(* For every (nonempty) composition $\alpha$, the monomial quasi-symmetric function $M_\alpha$ is irreducible both in $\mathrm{QSym}$ and in $K=\mathbb Z[[x_1,x_2,\dots]]$ (power series of bounded degree).
   Context: For a composition $\alpha=(\alpha_1,\dots,\alpha_k)$ (positive integers), $M_\alpha=\sum_{i_1<\dots<i_k}x_{i_1}^{\alpha_1}\cdots x_{i_k}^{\alpha_k}$. $\mathrm{QSym}\subseteq K$ is the ring of quasi-symmetric functions (bounded-degree series whose coefficient of $x_{i_1}^{a_1}\cdots x_{i_k}^{a_k}$ depends only on $(a_1,\dots,a_k)$ for $i_1<\dots<i_k$). The units of $K$ and of $\mathrm{QSym}$ are $\pm1$. *)

theory Defs
  imports Main "HOL-Library.Poly_Mapping"
begin

text \<open>Monomials in x_1, x_2, ... are finitely supported exponent maps nat =>0 nat.
 An element of K = Z[[x_1,x_2,...]] of bounded degree is a coefficient function
 on monomials whose support has bounded total degree.\<close>

type_synonym monom = "nat \<Rightarrow>\<^sub>0 nat"
type_synonym series = "monom \<Rightarrow> int"

definition mdeg :: "monom \<Rightarrow> nat" where
  "mdeg m = (\<Sum>i\<in>Poly_Mapping.keys m. Poly_Mapping.lookup m i)"

text \<open>Exponent sequence (a_1,...,a_k) of a monomial x_i1^a1 ... x_ik^ak with i1 < ... < ik.\<close>
definition compress :: "monom \<Rightarrow> nat list" where
  "compress m = map (Poly_Mapping.lookup m) (sorted_list_of_set (Poly_Mapping.keys m))"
···
▸ **PROBLEM DESCRIPTION**
Would you please copy every line in the data that contains the word "close"?

▸ **WRITTEN SOLUTION**
 on monomials whose support has bounded total degree.\<close>
text \<open>Exponent sequence (a_1,...,a_k) of a monomial x_i1^a1 ... x_ik^ak with i1 < ... < ik.\<close>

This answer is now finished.